About this task: Hunt for the word "Longrightarrow" across the entries below, copying each line that holds it.

Records supplied:
◇ ◇ ◇
(* Let $\mathbf{G}$ be the graph with vertex set consisting of $\mathbb{Z}_+=\{0,1,2,\dots\}$ together with additional vertices such that, for each $n\ge0$, $n$ and $n+1$ are joined by $2^n$ disjoint paths of length $2$ (each through its own new middle vertex), and there are no other edges. Then $\mathbf{G}$ is transient, but two independent simple random walks on $\mathbf{G}$ started from the same vertex meet infinitely many times almost surely. *)

theory Defs
  imports "HOL-Probability.Probability"
begin

text \<open>Vertices: Z n is the integer vertex n of Z_+; Mid n k (for k < 2^n) is the
  middle vertex of the k-th path of length 2 joining n and n+1.  Values Mid n k with
  k \<ge> 2^n are not vertices of G (they are isolated junk elements of the type).\<close>

datatype vtx = Z nat | Mid nat nat

definition G_verts :: "vtx set" where
  "G_verts = range Z \<union> {Mid n k | n k. k < 2 ^ n}"

definition G_edge :: "vtx \<Rightarrow> vtx \<Rightarrow> bool" where
  "G_edge x y \<longleftrightarrow>
     (\<exists>n k. k < 2 ^ n \<and>
        ((x = Z n \<and> y = Mid n k) \<or> (x = Mid n k \<and> y = Z n) \<or>
         (x = Mid n k \<and> y = Z (Suc n)) \<or> (x = Z (Suc n) \<and> y = Mid n k)))"

definition srw :: "'s measure \<Rightarrow> ('a \<Rightarrow> 'a \<Rightarrow> bool) \<Rightarrow> (nat \<Rightarrow> 's \<Rightarrow> 'a) \<Rightarrow> 'a \<Rightarrow> bool" where
  "srw M E X v \<longleftrightarrow>
     prob_space M \<and>
     (\<forall>n. X n \<in> measurable M (count_space UNIV)) \<and>
     (AE \<omega> in M. X 0 \<omega> = v) \<and>
     (\<forall>n (xs :: nat \<Rightarrow> 'a) y.
        measure M {\<omega> \<in> space M. (\<forall>i\<le>n. X i \<omega> = xs i) \<and> X (Suc n) \<omega> = y}
        = measure M {\<omega> \<in> space M. \<forall>i\<le>n. X i \<omega> = xs i}
          * (if E (xs n) y then 1 / real (card {z. E (xs n) z}) else 0))"

definition indep_processes :: "'s measure \<Rightarrow> (nat \<Rightarrow> 's \<Rightarrow> 'a) \<Rightarrow> (nat \<Rightarrow> 's \<Rightarrow> 'a) \<Rightarrow> bool" where
  "indep_processes M X Y \<longleftrightarrow>
     prob_space.indep_var M
       (Pi\<^sub>M UNIV (\<lambda>_. count_space UNIV)) (\<lambda>\<omega> n. X n \<omega>)
       (Pi\<^sub>M UNIV (\<lambda>_. count_space UNIV)) (\<lambda>\<omega> n. Y n \<omega>)"
lemma mem_translation_right_iff: "z \<in> (\<lambda>x. x + w) ` C \<longleftrightarrow> z - w \<in> (C :: 'a::ab_group_add set)"
  by (auto simp: image_iff intro: bexI[of _ "z - w"])

lemma convex_translation_right: "convex C \<Longrightarrow> convex ((\<lambda>x. x + w) ` C)"
  using convex_translation[of C w] by (simp add: add.commute)

lemma translate_adj_doubleton:
  assumes "translate_adj P C u v" "{u, v} = {a, b}"
  shows "translate_adj P C a b"
proof -
  have "u \<noteq> v" using assms(1) unfolding translate_adj_def by blast
  then have "a \<noteq> b" using assms(2) by (auto simp: doubleton_eq_iff)
  then show ?thesis using assms unfolding translate_adj_def by blast
qed

lemma translate_adj_no_vertex_on_edge:
  assumes "convex C" "translate_adj P C u v" "z \<in> P" "z \<noteq> u" "z \<noteq> v"
  shows "z \<notin> closed_segment u v"
proof
  assume z: "z \<in> closed_segment u v"
  obtain w where w: "P \<inter> (\<lambda>x. x + w) ` C = {u, v}" using assms(2) unfolding translate_adj_def by blast
  then have "u \<in> (\<lambda>x. x + w) ` C" "v \<in> (\<lambda>x. x + w) ` C" by auto
  then have "closed_segment u v \<subseteq> (\<lambda>x. x + w) ` C"
    by (rule closed_segment_subset[OF _ _ convex_translation_right[OF assms(1)]])
  then have "z \<in> (\<lambda>x. x + w) ` C" using z by (rule subsetD)
  then have "z \<in> {u, v}" using w assms(3) by blast
  then show False using assms(4,5) by simp
qed

lemma translate_adj_edges_common_endpoint:
  assumes "convex C" "translate_adj P C a b" "translate_adj P C a d" "b \<noteq> d"
  shows "closed_segment a b \<inter> closed_segment a d = {a}"
proof (rule closed_segment_Int_common_endpoint)
  have "a \<noteq> b" "a \<noteq> d" "b \<in> P" "d \<in> P" using assms(2,3) unfolding translate_adj_def by auto
  then show "b \<notin> closed_segment a d" "d \<notin> closed_segment a b"
    using translate_adj_no_vertex_on_edge[OF assms(1,3), of b]
      translate_adj_no_vertex_on_edge[OF assms(1,2), of d] assms(4) by auto
qed
lemma total_degree_le_power: "total_degree_le a P \<Longrightarrow> total_degree_le (k * a) (P ^ k)"
  by (induction k) (auto simp: total_degree_le_1 total_degree_le_mult)

lemma leading_form_power: "total_degree_le a P \<Longrightarrow> leading_form (k * a) (P ^ k) = leading_form a P ^ k"
proof (induction k)
  case 0
  show ?case by (simp add: leading_form_1)
next
  case (Suc k)
  then show ?case
    using leading_form_mult[OF Suc.prems total_degree_le_power[OF Suc.prems]] by (simp add: add.commute)
qed

lemma total_degree_lt_if_leading_form_eq_0:
  assumes "total_degree_le d P" "leading_form d P = 0" "coeff P j \<noteq> 0"
  shows "j + degree (coeff P j) < d"
proof (rule ccontr)
  assume "\<not> ?thesis"
  then have "j \<le> d" "d - j = degree (coeff P j)"
    using assms(1,3) unfolding total_degree_le_def by auto
  then have "coeff (leading_form d P) j = lead_coeff (coeff P j)" by (simp add: coeff_leading_form)
  then show False using assms(2,3) by simp
qed

lemma leading_form_ne_0_ex:
  assumes "total_degree_le d P" "P \<noteq> 0"
  shows "\<exists>t. total_degree_le t P \<and> leading_form t P \<noteq> 0"
  using assms(1)
proof (induction d)
  case 0
  obtain j where "coeff P j \<noteq> 0" using assms(2) by (metis leading_coeff_0_iff)
  then show ?case using 0 total_degree_lt_if_leading_form_eq_0[of 0 P j] by auto
next
  case (Suc d)
  have "total_degree_le d P" if "leading_form (Suc d) P = 0"
    using total_degree_lt_if_leading_form_eq_0[OF Suc.prems that]
    unfolding total_degree_le_def by fastforce
  then show ?case using Suc by blast
qed

lemma total_degree_le_quotient:
  fixes D q :: "'a::idom poly poly"
  assumes D: "total_degree_le e D" "leading_form e D \<noteq> 0"
    and Dq: "total_degree_le d (D * q)" and "e \<le> d"
  shows "total_degree_le (d - e) q"
proof (cases "q = 0")
  case False
  obtain d0 where "total_degree_le d0 q" using total_degree_le_ex by blast
  then obtain t where t: "total_degree_le t q" "leading_form t q \<noteq> 0"
    using leading_form_ne_0_ex False by blast
  have "leading_form (e + t) (D * q) = leading_form e D * leading_form t q"
    by (rule leading_form_mult[OF D(1) t(1)])
  also have "\<dots> \<noteq> 0" using D(2) t(2) by simp
  finally have "\<not> d < e + t" using leading_form_eq_0_above[OF Dq, of "e + t"] by blast
  then have "t \<le> d - e" by simp
  then show ?thesis by (rule total_degree_le_mono[OF t(1)])
qed simp

lemma leading_form_quotient:
  fixes D q :: "'a::idom poly poly"
  assumes D: "total_degree_le e D" "leading_form e D \<noteq> 0"
    and Dq: "total_degree_le d (D * q)" and "e \<le> d"
  shows "leading_form d (D * q) = leading_form e D * leading_form (d - e) q"
  using leading_form_mult[OF D(1) total_degree_le_quotient[OF assms]] \<open>e \<le> d\<close> by simp

lemma leading_form_quotient_eq:
  fixes D q :: "'a::idom poly poly"
  assumes D: "total_degree_le e D" "leading_form e D \<noteq> 0"
    and Dq: "total_degree_le d (D * q)" and "e \<le> d"
    and "leading_form d (D * q) = leading_form e D * s"
  shows "leading_form (d - e) q = s"
  using leading_form_quotient[OF D Dq \<open>e \<le> d\<close>] assms(5) D(2) by simp

lemma degree_eq_if_leading_form:
  assumes "total_degree_le d P" "degree (leading_form d P) = d"
  shows "degree P = d"
proof (rule antisym)
  show "degree P \<le> d"
    by (rule degree_le) (use total_degree_le_coeff_eq_0[OF assms(1)] in auto)
  show "d \<le> degree P"
  proof (cases "d = 0")
    case False
    then have "coeff (leading_form d P) d \<noteq> 0" using assms(2) by (metis leading_coeff_0_iff degree_0)
    then have "coeff P d \<noteq> 0" by (auto simp: coeff_leading_form)
    then show ?thesis by (rule le_degree)
  qed simp
qed

lemma eval2_eq_sum: "eval2 p Z = (\<Sum>i\<le>degree p. [:[:coeff p i:]:] * Z ^ i)"
proof -
  have "degree (map_poly (\<lambda>c. [:[:c:]:]) p) = degree p"
    by (rule degree_map_poly) simp
  then show ?thesis unfolding eval2_def poly_altdef by (simp add: coeff_map_poly)
qed

lemma total_degree_le_eval2:
  assumes "total_degree_le 1 Z"
  shows "total_degree_le (degree p) (eval2 p Z)"
  unfolding eval2_eq_sum
proof (rule total_degree_le_sum)
  fix i assume "i \<in> {..degree p}"
  have "total_degree_le (0 + i * 1) ([:[:coeff p i:]:] * Z ^ i)"
    by (rule total_degree_le_mult[OF total_degree_le_const total_degree_le_power[OF assms]])
  then show "total_degree_le (degree p) ([:[:coeff p i:]:] * Z ^ i)"
    by (rule total_degree_le_mono) (use \<open>i \<in> {..degree p}\<close> in simp)
qed

lemma leading_form_eval2:
  assumes "total_degree_le 1 Z"
  shows "leading_form (degree p) (eval2 p Z) = smult (lead_coeff p) (leading_form 1 Z ^ degree p)"
proof -
  let ?summand = "\<lambda>i. [:[:coeff p i:]:] * Z ^ i"
  have summand: "total_degree_le (0 + i * 1) (?summand i)" for i
    by (rule total_degree_le_mult[OF total_degree_le_const total_degree_le_power[OF assms]])
  have "leading_form (degree p) (eval2 p Z) = (\<Sum>i\<le>degree p. leading_form (degree p) (?summand i))"
    unfolding eval2_eq_sum leading_form_sum ..
  also have "\<dots> = (\<Sum>i\<in>{degree p}. leading_form (degree p) (?summand i))"
  proof (rule sum.mono_neutral_right)
    show "\<forall>i\<in>{..degree p} - {degree p}. leading_form (degree p) (?summand i) = 0"
      using leading_form_eq_0_above[OF summand] by simp
  qed auto
  also have "\<dots> = leading_form (0 + degree p * 1) (?summand (degree p))" by simp
  also have "\<dots> = [:lead_coeff p:] * leading_form 1 Z ^ degree p"
    unfolding leading_form_mult[OF total_degree_le_const total_degree_le_power[OF assms]]
      leading_form_const leading_form_power[OF assms] ..
  finally show ?thesis by simp
qed


section \<open>Degree of the determinant of a weighted polynomial matrix\<close>

lemma degree_coeff_prod_le:
  fixes f :: "'b \<Rightarrow> 'a::comm_semiring_1 poly"
  assumes "finite S" "\<And>i. i \<in> S \<Longrightarrow> degree (f i) \<le> e i"
  shows "degree (\<Prod>i\<in>S. f i) \<le> (\<Sum>i\<in>S. e i)
    \<and> coeff (\<Prod>i\<in>S. f i) (\<Sum>i\<in>S. e i) = (\<Prod>i\<in>S. coeff (f i) (e i))"
  using assms
proof (induction S rule: finite_induct)
  case (insert x F)
  then have IH: "degree (\<Prod>i\<in>F. f i) \<le> (\<Sum>i\<in>F. e i)"
      "coeff (\<Prod>i\<in>F. f i) (\<Sum>i\<in>F. e i) = (\<Prod>i\<in>F. coeff (f i) (e i))"
    and x: "degree (f x) \<le> e x" by auto
  have "degree (f x * (\<Prod>i\<in>F. f i)) \<le> e x + (\<Sum>i\<in>F. e i)"
    by (rule order.trans[OF degree_mult_le add_mono[OF x IH(1)]])
  moreover have "coeff (f x * (\<Prod>i\<in>F. f i)) (e x + (\<Sum>i\<in>F. e i))
      = coeff (f x) (e x) * (\<Prod>i\<in>F. coeff (f i) (e i))"
    using coeff_mult_degree_sum[OF x IH(1)] IH(2) by simp
  ultimately show ?case using insert by simp
qed simp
◇ ◇ ◇
Your solution:
lemma convex_translation_right: "convex C \<Longrightarrow> convex ((\<lambda>x. x + w) ` C)"
lemma total_degree_le_power: "total_degree_le a P \<Longrightarrow> total_degree_le (k * a) (P ^ k)"
lemma leading_form_power: "total_degree_le a P \<Longrightarrow> leading_form (k * a) (P ^ k) = leading_form a P ^ k"
  assumes "finite S" "\<And>i. i \<in> S \<Longrightarrow> degree (f i) \<le> e i"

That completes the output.